I’m in a frenzy about my career, a frenzy which gets worse as time goes on-- or, as I should say, as time diminishes--and yet I seem not to do those things which would further it. I should have gone to AWP, but didn’t. I should be reading in New York, but am not. Wherever I read, I’m widely the best, but that seems not to lead to anything. People don’t remember. "Best" is not what they’re looking for, or something they mistrust because it’s not what they wanted it to be. I haven’t the correct sense to further myself, and no one has ever helped me. Probably I never let anyone think I needed it.

Part of the darkness of the present moment is the fact that I can’t– and I have tried to–get over the betrayals at UNCA. I love my students, but the institution has finally defeated me. W’s once-intimate face become a stone wall, become a mask telling me that nothing can be done, when I know that full justice could be done if anybody wanted it. L’s stupid, art-murdering, energy-squandering face making decisions that affect my life and drifting there above the couch amid its mass of shining hair as if her authority were anything beyond a mass of shining hair. The only thing left is to strike hard and undo what can be undone, but that spirit is not, at the moment, in me. Defeated this morning, and I rose early, so it will be a long morning and a long defeat.

Why can I shrug some things off, and others not? I can shrug those things off which were a hazard, or about which really nothing can be done. Thefts and betrayals I cannot shrug off, especially those which could be redressed and aren’t.

But Kit sends me a book of Irish history.

Music of Anuna on the computer.

Registered to go to Miami with Cantaria this summer. This instead of Cambridge. Miami in July seems madness, but I’m a creature of the heat, so perhaps I’ll find my element.

One Hundred Aspects of the Moon arrives from Dublin.
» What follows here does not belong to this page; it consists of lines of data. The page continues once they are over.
lemma correlation_sum_ge:
  fixes y z :: "'n::finite \<Rightarrow> real"
  defines "d \<equiv> real CARD('n)"
    and "P \<equiv> (\<Sum>i\<in>UNIV. max 0 (y i - z i))" and "N \<equiv> (\<Sum>i\<in>UNIV. max 0 (z i - y i))"
  assumes y1: "\<And>i. \<bar>y i\<bar> \<le> 1" and z1: "\<And>i. \<bar>z i\<bar> \<le> 1"
  shows "d^2*(P + N) - (d+1)*P*N
    \<le> d^3 - (d+1)*(\<Sum>i\<in>UNIV. y i)*(\<Sum>i\<in>UNIV. z i) + d*(\<Sum>i\<in>UNIV. y i * z i)"
proof -
  define L where "L = (\<Sum>i\<in>UNIV. \<bar>y i - z i\<bar>)"
  have L: "L = P + N" unfolding L_def P_def N_def sum.distrib[symmetric]
    by (rule sum.cong) (auto simp: abs_if)
  have \<Delta>: "(\<Sum>i\<in>UNIV. y i) - (\<Sum>i\<in>UNIV. z i) = P - N"
    unfolding P_def N_def sum_subtractf[symmetric] by (rule sum.cong) (auto simp: max_def)
  have "(d+1)*(\<Sum>i\<in>UNIV. y i + z i)^2 - d*(\<Sum>i\<in>UNIV. (y i + z i)^2)
      \<le> (d+1)*(\<Sum>i\<in>UNIV. 2 - \<bar>y i - z i\<bar>)^2 - d*(\<Sum>i\<in>UNIV. (2 - \<bar>y i - z i\<bar>)^2)"
  proof (rule square_sum_defect_mono)
    show "\<bar>y i + z i\<bar> \<le> 2 - \<bar>y i - z i\<bar>" for i
      using y1[of i] z1[of i] by (auto simp: abs_if split: if_split_asm)
  qed (simp_all add: d_def)
  moreover have "(\<Sum>i\<in>UNIV. 2 - \<bar>y i - z i\<bar>) = 2*d - L"
    unfolding L_def by (simp add: sum_subtractf d_def)
  moreover have "(\<Sum>i\<in>UNIV. (2 - \<bar>y i - z i\<bar>)^2) = 4*d - 4*L + (\<Sum>i\<in>UNIV. (y i - z i)^2)"
  proof -
    have "(2 - \<bar>t\<bar>)^2 = 4 - 4*\<bar>t\<bar> + t^2" for t :: real
      by (simp add: power2_eq_square algebra_simps abs_mult_self_eq)
    then show ?thesis by (simp add: sum.distrib sum_subtractf sum_distrib_left[symmetric] L_def d_def)
  qed
  moreover have "(\<Sum>i\<in>UNIV. (y i + z i)^2) = (\<Sum>i\<in>UNIV. (y i - z i)^2) + 4*(\<Sum>i\<in>UNIV. y i * z i)"
    unfolding sum_distrib_left sum.distrib[symmetric] by (rule sum.cong) (simp_all add: power2_eq_square algebra_simps)
  moreover have "(\<Sum>i\<in>UNIV. y i + z i)^2 = (P - N)^2 + 4*(\<Sum>i\<in>UNIV. y i)*(\<Sum>i\<in>UNIV. z i)"
    unfolding sum.distrib \<Delta>[symmetric] by (simp add: power2_eq_square algebra_simps)
  ultimately have "(d+1)*((P - N)^2 + 4*(\<Sum>i\<in>UNIV. y i)*(\<Sum>i\<in>UNIV. z i))
        - d*((\<Sum>i\<in>UNIV. (y i - z i)^2) + 4*(\<Sum>i\<in>UNIV. y i * z i))
      \<le> (d+1)*(2*d - L)^2 - d*(4*d - 4*L + (\<Sum>i\<in>UNIV. (y i - z i)^2))"
    by (simp only:)
  moreover have "(d+1)*(2*d - L)^2 - d*(4*d - 4*L) - (d+1)*(P - N)^2
      = 4*(d^3 - (d^2*(P + N) - (d+1)*P*N))"
    unfolding L by (simp add: algebra_simps power2_eq_square power3_eq_cube)
  ultimately show ?thesis
    by (simp add: algebra_simps)
qed

lemma correlation_difference_le:
  fixes a y z :: "'n::finite \<Rightarrow> real"
  defines "d \<equiv> real CARD('n)"
    and "P \<equiv> (\<Sum>i\<in>UNIV. max 0 (y i - z i))" and "N \<equiv> (\<Sum>i\<in>UNIV. max 0 (z i - y i))"
  assumes d3: "3 \<le> d" and a1: "\<And>i. \<bar>a i\<bar> \<le> 1" and y1: "\<And>i. \<bar>y i\<bar> \<le> 1" and z1: "\<And>i. \<bar>z i\<bar> \<le> 1"
  shows "\<bar>(d+1)*(\<Sum>i\<in>UNIV. a i)*((\<Sum>i\<in>UNIV. y i) - (\<Sum>i\<in>UNIV. z i)) - d*(\<Sum>i\<in>UNIV. a i*(y i - z i))\<bar>
    \<le> d^2*(P + N) - (d+1)*P*N"
proof -
  define p where "p i = max 0 (y i - z i)" for i
  define n where "n i = max 0 (z i - y i)" for i
  have PN: "P = sum p UNIV" "N = sum n UNIV" unfolding P_def N_def p_def n_def by simp_all
  have \<delta>: "y i - z i = p i - n i" for i unfolding p_def n_def by (simp add: max_def)
  then have \<Delta>: "(\<Sum>i\<in>UNIV. y i) - (\<Sum>i\<in>UNIV. z i) = P - N"
    unfolding PN sum_subtractf[symmetric] by simp
  have "(\<Sum>i\<in>UNIV. a i * ((d+1)*(P - N) - d*(p i - n i)))
      = (\<Sum>i\<in>UNIV. (d+1)*(P - N) * a i - d * (a i * (p i - n i)))"
    by (simp add: algebra_simps)
  also have "\<dots> = (d+1)*(P - N)*(\<Sum>i\<in>UNIV. a i) - d*(\<Sum>i\<in>UNIV. a i*(p i - n i))"
    by (simp only: sum_subtractf sum_distrib_left)
  finally have "(d+1)*(\<Sum>i\<in>UNIV. a i)*((\<Sum>i\<in>UNIV. y i) - (\<Sum>i\<in>UNIV. z i)) - d*(\<Sum>i\<in>UNIV. a i*(y i - z i))
      = (\<Sum>i\<in>UNIV. a i * ((d+1)*(P - N) - d*(p i - n i)))"
    unfolding \<Delta> \<delta> by (simp add: mult.commute mult.left_commute)
  also have "\<bar>\<dots>\<bar> \<le> (\<Sum>i\<in>UNIV. \<bar>(d+1)*(P - N) - d*(p i - n i)\<bar>)"
    using a1 by (intro order_trans[OF sum_abs] sum_mono) (simp add: abs_mult mult_left_le_one_le)
  also have "\<dots> \<le> d^2*(P + N) - (d+1)*P*N"
  proof (unfold PN d_def, rule sum_abs_deviation_le)
    show "0 \<le> p i" "0 \<le> n i" "p i = 0 \<or> n i = 0" "p i + n i \<le> 2" for i
      using y1[of i] z1[of i] by (auto simp: p_def n_def abs_le_iff)
  qed (use d3 d_def in simp)
  finally show ?thesis .
qed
If some good angel sat me down and said, "All right, then, what exactly is it that you want?" would I be able to tell him?
Yes, I guess I would.

Maud’s fascination with fluid dynamics is profound. If anything is drained, flushed, or run, she is there to watch.
February 2, 2008

Got through yesterday. Bright yellow-gray outside the window, the profile of a cardinal tail-flicking on a telephone wire.

Excellent run-through of Gilgamesh. Mickey said (of Edward) "I don’t know how your New York cast can be any better than ours," and I must admit I now forget how they were better. I hope soon to be reminded. But the fact is, I’ve never seen such consistently fine performances from a cast, certainly never in one of my works, done locally, and never under such outsized conditions. Each time they discover something new, do something old better. Unless something unforeseen happens, we are going to have a sensational run. Of course something unforeseen can happen in the other direction, and we have a legendary run.

Found a way to get back into communication with Ann.

I have sworn on nine gods to make it to the studio today.

Resurrecting Sea’s Edge.

Shane McGowan on the CD.
February 1, 2008

Danny Hamm’s Christmas card is returned marked "Moved."

By this minute’s count I have six appointments to meet today, not including, class, having canceled two others, and four of them happen at approximately, or exactly, the same time.